Пришлось княгине признаться, что Знак Рода похищен зловещим чародеем. Бояре переглянулись между собой и вовсе исполчились.
– Не князь он нам, этот детина!
– На что нам безродный? Не признаем его!
– Ты нами правь! Вот наше слово!
– Пока божьего знака не увидим у Святослава – не примем его!
– Не обессудь, княгиня! – заявил подручный боярин Претич. – Верно ты сказала: против сына тебе не след стоять. Вашему роду отпущено землей править, нашим родам – подправлять. Коль в ладье один кормилец и нет гребцов, через море не переплыть. Мы детину проучим! Нам суд над ним рядить!
Правы были бояре!.. Да застонало материнское сердце: ужели согласиться и отдать сына на их суд?
К тому же Святослав рожден по воле божьей, и Владыка Род от своего сердца отнял плоть, чтобы дать Руси светоносного князя. Возможно ли, не спросясь небесного отца, отдать дитя на суд земной? Чем обернется ее слово – бедой или благом?
– Ты сказал, судить, чтобы проучить Святослава? – уточнила княгиня.
– Нельзя попускать ему, матушка! След проучить! Чтобы зарекся он зорить отчие земли и древние роды позорить, – заявил подручный боярин Претич. – Видим, не сладить тебе с сыном. Дай его нам на суд!
Не смея поднять головы, боясь возмутить Небо, княгиня проговорила:
– Быть по сему... Творите свой суд. С одним кормилом добро по небесам плавать. А по земле – не обойтись без гребцов. Запомни, боярин: если хоть волос с его головы упадет – в тот же миг лишишься своей.
– Запомнил, княгиня, – проронил Претич.
Оставив удовлетворенную толпу на улице, она вошла в терем, затворилась в покоях и затеплила огонь на жертвеннике Рода. Кумир славян засветился, и княгиня возложила жертву – горсть травы. Благостный дух разлился по палатам, полегчало тело и просветлели мысли. Сладкий дым травы Забвения окрылил ее, притупил боль и отмел сомнения – надежда зародилась в сердце. Она в тот же час послала гонца, чтоб выведал, где Святослав и что с ним происходит. Судилище киевское было в дубовой роще, и боярский суд проходил в тайне. Никто не мог приблизиться и послушать его ход под страхом заключения в сруб, однако посыльный княгини, сведомый пластун, умеющий отводить глаза, пробрался в рощенье и вернулся возбужденный.

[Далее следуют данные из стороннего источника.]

definition is_pushout :: "('o, 'm) addcat \<Rightarrow> 'm \<Rightarrow> 'm \<Rightarrow> 'm \<Rightarrow> 'm \<Rightarrow> bool" where
  "is_pushout C i f i' f' \<longleftrightarrow>
     i \<in> Mor C \<and> f \<in> Mor C \<and> i' \<in> Mor C \<and> f' \<in> Mor C \<and>
     dom C f = dom C i \<and> dom C i' = cod C f \<and> dom C f' = cod C i \<and>
     cod C f' = cod C i' \<and> cmp C f' i = cmp C i' f \<and>
     (\<forall>t \<in> Ob C. \<forall>u \<in> hom C (cod C f) t. \<forall>v \<in> hom C (cod C i) t.
        cmp C u f = cmp C v i \<longrightarrow>
        (\<exists>!w. w \<in> hom C (cod C i') t \<and> cmp C w i' = u \<and> cmp C w f' = v))"

definition is_pullback :: "('o, 'm) addcat \<Rightarrow> 'm \<Rightarrow> 'm \<Rightarrow> 'm \<Rightarrow> 'm \<Rightarrow> bool" where
  "is_pullback C d g d' g' \<longleftrightarrow>
     d \<in> Mor C \<and> g \<in> Mor C \<and> d' \<in> Mor C \<and> g' \<in> Mor C \<and>
     cod C g = cod C d \<and> cod C d' = dom C g \<and> cod C g' = dom C d \<and>
     dom C g' = dom C d' \<and> cmp C d g' = cmp C g d' \<and>
     (\<forall>t \<in> Ob C. \<forall>u \<in> hom C t (dom C g). \<forall>v \<in> hom C t (dom C d).
        cmp C g u = cmp C d v \<longrightarrow>
        (\<exists>!w. w \<in> hom C t (dom C d') \<and> cmp C d' w = u \<and> cmp C g' w = v))"

definition exact_structure :: "('o, 'm) addcat \<Rightarrow> ('m \<times> 'm) set \<Rightarrow> bool" where
  "exact_structure C E \<longleftrightarrow>
     (\<forall>(i, d) \<in> E. kc_pair C i d) \<and>
     (\<forall>s \<in> E. \<forall>i' d'. kc_pair C i' d' \<and> seq_iso C s (i', d') \<longrightarrow> (i', d') \<in> E) \<and>
     (\<forall>a \<in> Ob C. adm_monic C E (idm C a) \<and> adm_epic C E (idm C a)) \<and>
     (\<forall>i j. adm_monic C E i \<and> adm_monic C E j \<and> cod C i = dom C j \<longrightarrow>
        adm_monic C E (cmp C j i)) \<and>
     (\<forall>d e. adm_epic C E d \<and> adm_epic C E e \<and> cod C d = dom C e \<longrightarrow>
        adm_epic C E (cmp C e d)) \<and>
     (\<forall>i f. adm_monic C E i \<and> f \<in> Mor C \<and> dom C f = dom C i \<longrightarrow>
        (\<exists>i' f'. is_pushout C i f i' f' \<and> adm_monic C E i')) \<and>
     (\<forall>d g. adm_epic C E d \<and> g \<in> Mor C \<and> cod C g = cod C d \<longrightarrow>
        (\<exists>d' g'. is_pullback C d g d' g' \<and> adm_epic C E d'))"

definition Ex :: "('o, 'm) addcat \<Rightarrow> ('m \<times> 'm) set set" where
  "Ex C = {E. exact_structure C E}"

end

theory Submission imports Defs begin

text \<open>Intersections of nonempty families of exact structures are exact, which gives both the
meet and (since the maximal exact structure makes the family of upper bounds nonempty) the join.
The only axioms not inherited verbatim by an intersection are those asserting that some witness
exists (a cokernel partner of an admissible monic, an admissible pushout or pullback), because
each member might choose a different witness. But cokernels, kernels, pushouts and pullbacks are
unique up to isomorphism, and exact structures are closed under isomorphic kernel--cokernel pairs,
so the witness chosen in one member is admissible in all of them.\<close>

lemma cokernel_factor:
  assumes "is_cokernel C d i" "w \<in> Ob C" "g \<in> hom C (cod C i) w" "cmp C g i = zer C (dom C i) w"
  shows "\<exists>h \<in> hom C (cod C d) w. cmp C h d = g"
  using assms unfolding is_cokernel_def by blast

lemma kernel_factor:
  assumes "is_kernel C i d" "w \<in> Ob C" "g \<in> hom C w (dom C d)" "cmp C d g = zer C w (cod C d)"
  shows "\<exists>h \<in> hom C w (dom C i). cmp C i h = g"
  using assms unfolding is_kernel_def by blast

lemma pushout_factor:
  assumes "is_pushout C i f i' f'" "t \<in> Ob C" "u \<in> hom C (cod C f) t" "v \<in> hom C (cod C i) t"
    "cmp C u f = cmp C v i"
  shows "\<exists>!w. w \<in> hom C (cod C i') t \<and> cmp C w i' = u \<and> cmp C w f' = v"
  using assms unfolding is_pushout_def by blast

lemma pullback_factor:
  assumes "is_pullback C d g d' g'" "t \<in> Ob C" "u \<in> hom C t (dom C g)" "v \<in> hom C t (dom C d)"
    "cmp C g u = cmp C d v"
  shows "\<exists>!w. w \<in> hom C t (dom C d') \<and> cmp C d' w = u \<and> cmp C g' w = v"
  using assms unfolding is_pullback_def by blast

lemma exact_structure_kc_pair: "exact_structure C E \<Longrightarrow> (i, d) \<in> E \<Longrightarrow> kc_pair C i d"
  unfolding exact_structure_def by fast

lemma exact_structure_iso_closed:
  "exact_structure C E \<Longrightarrow> s \<in> E \<Longrightarrow> kc_pair C i' d' \<Longrightarrow> seq_iso C s (i', d') \<Longrightarrow> (i', d') \<in> E"
  unfolding exact_structure_def by fast

lemma exact_structureD:
  assumes "exact_structure C E"
  shows "a \<in> Ob C \<Longrightarrow> adm_monic C E (idm C a)"
    and "a \<in> Ob C \<Longrightarrow> adm_epic C E (idm C a)"
    and "adm_monic C E i \<Longrightarrow> adm_monic C E j \<Longrightarrow> cod C i = dom C j \<Longrightarrow> adm_monic C E (cmp C j i)"
    and "adm_epic C E d \<Longrightarrow> adm_epic C E e \<Longrightarrow> cod C d = dom C e \<Longrightarrow> adm_epic C E (cmp C e d)"
    and "adm_monic C E i \<Longrightarrow> f \<in> Mor C \<Longrightarrow> dom C f = dom C i \<Longrightarrow>
      \<exists>i' f'. is_pushout C i f i' f' \<and> adm_monic C E i'"
    and "adm_epic C E d \<Longrightarrow> g \<in> Mor C \<Longrightarrow> cod C g = cod C d \<Longrightarrow>
      \<exists>d' g'. is_pullback C d g d' g' \<and> adm_epic C E d'"
  using assms unfolding exact_structure_def by blast+
text \<open>While the path stays below \<open>m\<close>, it can only decrease through the drift
  \<open>-gd n\<close> and the jumps \<open>-zd n_-\<close>, both proportional to \<open>m\<close>.\<close>
lemma path_drop_bound:
  assumes "0 \<le> r" "r \<le> s" "s \<le> T" "\<And>y. y \<in> {r..s} \<Longrightarrow> n y \<le> m"
  shows "n r - m * (gd * (s - r) + (\<Sum>\<^sub>\<infinity>p\<in>{p\<in>P. r < fst p \<and> fst p \<le> s}. zd p)) \<le> n s"
proof -
  let ?A = "{p\<in>P. r < fst p \<and> fst p \<le> s}"
  have I: "- gd * m * (s - r) \<le> (\<integral>x\<in>{r<..s}. drift x \<partial>lborel)"
    by (rule drift_integral_ge) (use assms in auto)
  have "zd summable_on ?A" by (rule zd_summable_on) (use assms in auto)
  then have zA: "(\<lambda>p. - zd p) summable_on ?A" by (simp add: summable_on_uminus)
  have "(\<Sum>\<^sub>\<infinity>p\<in>?A. - zd p * m) \<le> (\<Sum>\<^sub>\<infinity>p\<in>?A. jump p)"
  proof (rule infsum_mono)
    show "(\<lambda>p. - zd p * m) summable_on ?A" by (rule summable_on_cmult_left[OF zA])
    show "jump summable_on ?A" by (rule jump_summable_on[of s]) (use assms in auto)
    fix p assume p: "p \<in> ?A"
    have "left_lim n (fst p) \<le> m"
      by (rule left_lim_le[OF cadlag _ _, of _ r]) (use p assms in auto)
    then show "- zd p * m \<le> jump p"
      using point_bounds[of p] p mult_left_mono[of "left_lim n (fst p)" m "zd p"]
      unfolding jump_def by auto
  qed
  moreover have "(\<Sum>\<^sub>\<infinity>p\<in>?A. - zd p * m) = - (\<Sum>\<^sub>\<infinity>p\<in>?A. zd p) * m"
    using zA by (subst infsum_cmult_left) (auto simp: infsum_uminus)
  ultimately show ?thesis using I path_increment[OF assms(1-3)] by (simp add: algebra_simps)
qed
lemma vs_linear_vector_space_target:
  "Vector_Spaces.linear s1 s2 f \<Longrightarrow> Vector_Spaces.vector_space s2"
  unfolding Vector_Spaces.linear_iff by blast

lemma sum_list_case_prod_mult_left:
  "(\<Sum>(a,b)\<leftarrow>L. c * f a b) = (c::'a::semiring_0) * (\<Sum>(a,b)\<leftarrow>L. f a b)"
  by (induction L) (auto simp: distrib_left)

lemma sum_list_case_prod_mult_right:
  "(\<Sum>(a,b)\<leftarrow>L. f a b * c) = (\<Sum>(a,b)\<leftarrow>L. f a b) * (c::'a::semiring_0)"
  by (induction L) (auto simp: distrib_right)

lemma sum_list_case_prod_add:
  "(\<Sum>(a,b)\<leftarrow>L. f a b + g a b) = (\<Sum>(a,b)\<leftarrow>L. f a b) + (\<Sum>(a,b)\<leftarrow>L. (g a b :: 'a::comm_monoid_add))"
  by (induction L) (auto simp: algebra_simps)

lemma sum_list_case_prod_swap:
  "(\<Sum>(p,q)\<leftarrow>L. \<Sum>(a,b)\<leftarrow>M. g p q a b) = (\<Sum>(a,b)\<leftarrow>M. \<Sum>(p,q)\<leftarrow>L. (g p q a b :: 'a::comm_monoid_add))"
  by (induction L) (auto simp: sum_list_case_prod_add)

lemma sum_list_case_prod_cong:
  "(\<And>a b. (a, b) \<in> set L \<Longrightarrow> f a b = g a b) \<Longrightarrow> (\<Sum>(a,b)\<leftarrow>L. f a b) = (\<Sum>(a,b)\<leftarrow>L. g a b)"
  by (induction L) auto

lemma sum_list_concat: "sum_list (concat xss) = sum_list (map sum_list xss)"
  by (induction xss) auto

lemma sum_cop2L: "(\<Sum>(a,b,c)\<leftarrow>cop2L D h. F a b c) = (\<Sum>(u,c)\<leftarrow>D h. \<Sum>(a,b)\<leftarrow>D u. F a b c)"
  by (simp add: cop2L_def map_concat sum_list_concat o_def split_def)

lemma sum_cop2R: "(\<Sum>(a,b,c)\<leftarrow>cop2R D h. F a b c) = (\<Sum>(a,u)\<leftarrow>D h. \<Sum>(b,c)\<leftarrow>D u. F a b c)"
  by (simp add: cop2R_def map_concat sum_list_concat o_def split_def)

lemma sum_tmul2: "(\<Sum>(a,b)\<leftarrow>tmul2 T U. K a b) = (\<Sum>(x,y)\<leftarrow>T. \<Sum>(x',y')\<leftarrow>U. K (x * x') (y * y'))"
  by (simp add: tmul2_def map_concat sum_list_concat o_def split_def)

lemma sum_tmul3:
  "(\<Sum>(a,b,c)\<leftarrow>tmul3 T U. F a b c) = (\<Sum>(x,y,z)\<leftarrow>T. \<Sum>(x',y',z')\<leftarrow>U. F (x * x') (y * y') (z * z'))"
  by (simp add: tmul3_def map_concat sum_list_concat o_def split_def)

lemma sum_list_map_apfst:
  "(\<Sum>(a,b)\<leftarrow>map (\<lambda>(a,b). (f a, b)) L. K a b) = (\<Sum>(a,b)\<leftarrow>L. K (f a) b)"
  by (induction L) auto

lemma sum_list_map_unit_component:
  "(\<Sum>(a,b,c)\<leftarrow>map (Pair 1) L. F a b c) = (\<Sum>(x,y)\<leftarrow>L. F 1 x y)"
  "(\<Sum>(a,b,c)\<leftarrow>map (\<lambda>(x,y). (x,y,1)) L. F a b c) = (\<Sum>(x,y)\<leftarrow>L. F x y 1)"
  by (induction L) auto

lemma (in vector_space) scale_sum_list_case_prod:
  "(\<Sum>(a,b)\<leftarrow>L. c *s g a b) = c *s (\<Sum>(a,b)\<leftarrow>L. g a b)"
  by (induction L) (auto simp: scale_right_distrib)

section \<open>Bilinear and trilinear maps\<close>

definition bilinear_map ::
  "('k::field \<Rightarrow> 'h::ab_group_add \<Rightarrow> 'h) \<Rightarrow> ('k \<Rightarrow> 'v::ab_group_add \<Rightarrow> 'v) \<Rightarrow> ('h \<Rightarrow> 'h \<Rightarrow> 'v) \<Rightarrow> bool"
  where "bilinear_map s1 s2 K \<longleftrightarrow>
    (\<forall>y. Vector_Spaces.linear s1 s2 (\<lambda>x. K x y)) \<and> (\<forall>x. Vector_Spaces.linear s1 s2 (K x))"

definition trilinear_map ::
  "('k::field \<Rightarrow> 'h::ab_group_add \<Rightarrow> 'h) \<Rightarrow> ('k \<Rightarrow> 'v::ab_group_add \<Rightarrow> 'v) \<Rightarrow> ('h \<Rightarrow> 'h \<Rightarrow> 'h \<Rightarrow> 'v) \<Rightarrow> bool"
  where "trilinear_map s1 s2 F \<longleftrightarrow>
    (\<forall>y z. Vector_Spaces.linear s1 s2 (\<lambda>x. F x y z)) \<and> (\<forall>x z. Vector_Spaces.linear s1 s2 (\<lambda>y. F x y z))
    \<and> (\<forall>x y. Vector_Spaces.linear s1 s2 (F x y))"

lemma bilinear_mapI:
  assumes "Vector_Spaces.vector_space s1" "Vector_Spaces.vector_space s2"
    and "\<And>x x' y. K (x + x') y = K x y + K x' y" "\<And>c x y. K (s1 c x) y = s2 c (K x y)"
    and "\<And>x y y'. K x (y + y') = K x y + K x y'" "\<And>c x y. K x (s1 c y) = s2 c (K x y)"
  shows "bilinear_map s1 s2 K"
  unfolding bilinear_map_def using assms by (auto intro: vs_linearI)

lemma trilinear_mapI:
  assumes "Vector_Spaces.vector_space s1" "Vector_Spaces.vector_space s2"
    and "\<And>x x' y z. F (x + x') y z = F x y z + F x' y z" "\<And>c x y z. F (s1 c x) y z = s2 c (F x y z)"
    and "\<And>x y y' z. F x (y + y') z = F x y z + F x y' z" "\<And>c x y z. F x (s1 c y) z = s2 c (F x y z)"
    and "\<And>x y z z'. F x y (z + z') = F x y z + F x y z'" "\<And>c x y z. F x y (s1 c z) = s2 c (F x y z)"
  shows "trilinear_map s1 s2 F"
  unfolding trilinear_map_def using assms by (auto intro: vs_linearI)

lemma bilinear_map_add_scale:
  assumes "bilinear_map s1 s2 K"
  shows "K (x + x') y = K x y + K x' y" "K (s1 c x) y = s2 c (K x y)"
    "K x (y + y') = K x y + K x y'" "K x (s1 c y) = s2 c (K x y)"
proof -
  have l1: "Vector_Spaces.linear s1 s2 (\<lambda>x. K x y)" and l2: "Vector_Spaces.linear s1 s2 (K x)"
    using assms unfolding bilinear_map_def by blast+
  show "K (x + x') y = K x y + K x' y" using vs_linear_add[OF l1] by simp
  show "K (s1 c x) y = s2 c (K x y)" using vs_linear_scale[OF l1] by simp
  show "K x (y + y') = K x y + K x y'" using vs_linear_add[OF l2] by simp
  show "K x (s1 c y) = s2 c (K x y)" using vs_linear_scale[OF l2] by simp
qed

lemma trilinear_map_add_scale:
  assumes "trilinear_map s1 s2 F"
  shows "F (x + x') y z = F x y z + F x' y z" "F (s1 c x) y z = s2 c (F x y z)"
    "F x (y + y') z = F x y z + F x y' z" "F x (s1 c y) z = s2 c (F x y z)"
    "F x y (z + z') = F x y z + F x y z'" "F x y (s1 c z) = s2 c (F x y z)"
proof -
  have l1: "Vector_Spaces.linear s1 s2 (\<lambda>x. F x y z)" and l2: "Vector_Spaces.linear s1 s2 (\<lambda>y. F x y z)"
    and l3: "Vector_Spaces.linear s1 s2 (F x y)"
    using assms unfolding trilinear_map_def by blast+
  show "F (x + x') y z = F x y z + F x' y z" using vs_linear_add[OF l1] by simp
  show "F (s1 c x) y z = s2 c (F x y z)" using vs_linear_scale[OF l1] by simp
  show "F x (y + y') z = F x y z + F x y' z" using vs_linear_add[OF l2] by simp
  show "F x (s1 c y) z = s2 c (F x y z)" using vs_linear_scale[OF l2] by simp
  show "F x y (z + z') = F x y z + F x y z'" using vs_linear_add[OF l3] by simp
  show "F x y (s1 c z) = s2 c (F x y z)" using vs_linear_scale[OF l3] by simp
qed

lemma bilinear_map_linear_left: "bilinear_map s1 s2 K \<Longrightarrow> Vector_Spaces.linear s1 s2 (\<lambda>x. K x y)"
  and bilinear_map_linear_right: "bilinear_map s1 s2 K \<Longrightarrow> Vector_Spaces.linear s1 s2 (K x)"
  unfolding bilinear_map_def by blast+

lemma trilinear_map_linear_1: "trilinear_map s1 s2 F \<Longrightarrow> Vector_Spaces.linear s1 s2 (\<lambda>x. F x y z)"
  and trilinear_map_linear_2: "trilinear_map s1 s2 F \<Longrightarrow> Vector_Spaces.linear s1 s2 (\<lambda>y. F x y z)"
  and trilinear_map_linear_3: "trilinear_map s1 s2 F \<Longrightarrow> Vector_Spaces.linear s1 s2 (F x y)"
  unfolding trilinear_map_def by blast+

lemma (in vector_space) finite_coordinates:
  assumes "finite X"
  obtains B c where "finite B" "\<And>e. Vector_Spaces.linear scale (*) (c e)"
    "\<And>x. x \<in> X \<Longrightarrow> x = (\<Sum>e\<in>B. c e x *s e)"
proof -
  obtain E where E: "independent E" "UNIV \<subseteq> span E"
    using maximal_independent_subset[of UNIV] by blast
  define c where "c e x = representation E x e" for e x
  define B where "B = (\<Union>x\<in>X. {e. c e x \<noteq> 0})"
  have "finite B"
    unfolding B_def c_def using assms finite_representation by blast
  moreover have "Vector_Spaces.linear scale (*) (c e)" for e
    unfolding c_def using linear_representation E by blast
  moreover have "x = (\<Sum>e\<in>B. c e x *s e)" if "x \<in> X" for x
  proof -
    have "x = (\<Sum>e | c e x \<noteq> 0. c e x *s e)"
      unfolding c_def using E by (simp add: sum_nonzero_representation_eq subset_eq)
    also have "\<dots> = (\<Sum>e\<in>B. c e x *s e)"
      using \<open>finite B\<close> that by (intro sum.mono_neutral_left) (auto simp: B_def)
    finally show ?thesis .
  qed
  ultimately show ?thesis using that by blast
qed
lemma pmf_expectation_sums:
  fixes p :: "nat pmf" and f :: "nat \<Rightarrow> real"
  assumes "integrable (measure_pmf p) f"
  shows "(\<lambda>n. pmf p n * f n) sums measure_pmf.expectation p f"
proof -
  have "integrable (count_space UNIV) (\<lambda>n. pmf p n *\<^sub>R f n)"
    using assms unfolding measure_pmf_eq_density by (subst (asm) integrable_density) auto
  from sums_integral_count_space_nat[OF this] show ?thesis
    unfolding measure_pmf_eq_density by (subst integral_density) auto
qed

lemma pochhammer_le_fact_mult_power:
  fixes x :: real
  assumes "x \<ge> 1"
  shows "pochhammer x l \<le> fact l * x ^ l"
proof (induction l)
  case (Suc l)
  have "pochhammer x (Suc l) = pochhammer x l * (x + real l)"
    by (simp add: pochhammer_Suc)
  also have "\<dots> \<le> fact l * x ^ l * ((real l + 1) * x)"
  proof (intro mult_mono)
    have "real l * 1 \<le> real l * x"
      using assms by (intro mult_left_mono) auto
    thus "x + real l \<le> (real l + 1) * x"
      by (simp add: algebra_simps)
  qed (use Suc assms in auto)
  also have "\<dots> = fact (Suc l) * x ^ Suc l"
    by (simp add: algebra_simps)
  finally show ?case .
qed simp

lemma pmf_poisson_add:
  assumes "\<mu> > 0"
  shows "pmf (poisson_pmf \<mu>) (n + l) = pmf (poisson_pmf \<mu>) n * \<mu> ^ l / pochhammer (real n + 1) l"
proof -
  have "(fact (n + l) :: real) = fact n * pochhammer (real n + 1) l"
    unfolding pochhammer_fact pochhammer_product' by (simp add: add.commute)
  thus ?thesis
    using assms pochhammer_pos[of "real n + 1" l]
    by (simp add: pmf_poisson power_add field_simps)
qed

lemma pmf_poisson_div_power_le:
  assumes "\<mu> > 0"
  shows "pmf (poisson_pmf \<mu>) n / (real n + 1) ^ l \<le> fact l / \<mu> ^ l * pmf (poisson_pmf \<mu>) (n + l)"
proof -
  let ?P = "pmf (poisson_pmf \<mu>)"
  have "?P n / (real n + 1) ^ l = fact l * ?P n / (fact l * (real n + 1) ^ l)"
    by simp
  also have "\<dots> \<le> fact l * ?P n / pochhammer (real n + 1) l"
    by (intro divide_left_mono pochhammer_le_fact_mult_power mult_pos_pos pochhammer_pos) auto
  also have "\<dots> = fact l / \<mu> ^ l * ?P (n + l)"
    unfolding pmf_poisson_add[OF assms] using assms by (simp del: pmf_poisson)
  finally show ?thesis .
qed

lemma le_power_mult_shift:
  fixes W :: "nat \<Rightarrow> real"
  assumes "\<And>n. W n \<le> K * W (Suc n)" and "K \<ge> 0"
  shows "W n \<le> K ^ l * W (n + l)"
proof (induction l)
  case (Suc l)
  have "K ^ l * W (n + l) \<le> K ^ l * (K * W (Suc (n + l)))"
    using assms by (intro mult_left_mono) auto
  with Suc show ?case by (simp add: ac_simps)
qed simp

– Ратуй, княгиня! Боярская измена! Сивобородые схватили Святослава, свели в дубраву и, привязав к деревам, судят! А верховод – твой подручный, Претич!
– Ступай и слушай, – спокойно велела княгиня. – А с вестью не задерживайся.
Княгиня воздала кумиру – летучий дым хмельной воскурился над рощей. Род светился и принимал жертву, но тревога уж не оставляла сердце. Почудилось, в покоях потемнело, ровно набежала туча и покрыла солнце. Так и минул этот день, без вечерней зари, и ночь ей казалась бесконечной. Едва дожила она до утра, но увидела лишь серый рассвет: омраченное солнце не явилось очам. Это был дурной знак. А к полудню примчался гонец – страх исказил чело.
– Ты в тереме, а над сыном твоим учинили потеху! – сообщил он. – На белого коня хомут надели, прогнали вокруг черного столба, чтобы вспотел. И князя потом через сей хомут протащили, как оборотня!
– Что же еще? – даже не вздрогнула княгиня.
– Корежит теперь князя... Бьет лихорадка. Распяли меж дерев и держат так. А он то стонет, то орет и рвет канаты морские.
– А бояре судные?
– Они припоминают все, – потупился гонец. – Что позорил древлян и города пожег, что Русь позорит, рать собирая супротив народов Ара. Что произвол чинят...
– Довольно! – оборвала княгиня. – Ступай назад и слушай.
– Княгиня, боюсь, что...
– Ступай! – прикрикнула она и, скрепив сердце, тая страсть, вновь встала перед кумиром. Но что же стало с ним?! Сияющий болван омрачился, зловещая тень покрыла его светлый лик. Тотчас за окном ей почудился крик сокола! Она растворила окно и едва успела отпрянуть: трезубец птицы летел ей в лицо, нацелив когти в грудь, а хищный клюв – в глаза. Да промахнулся сокол, ударившись о стену, пал, словно брошенная в азарте шапка, и, кажется, издох!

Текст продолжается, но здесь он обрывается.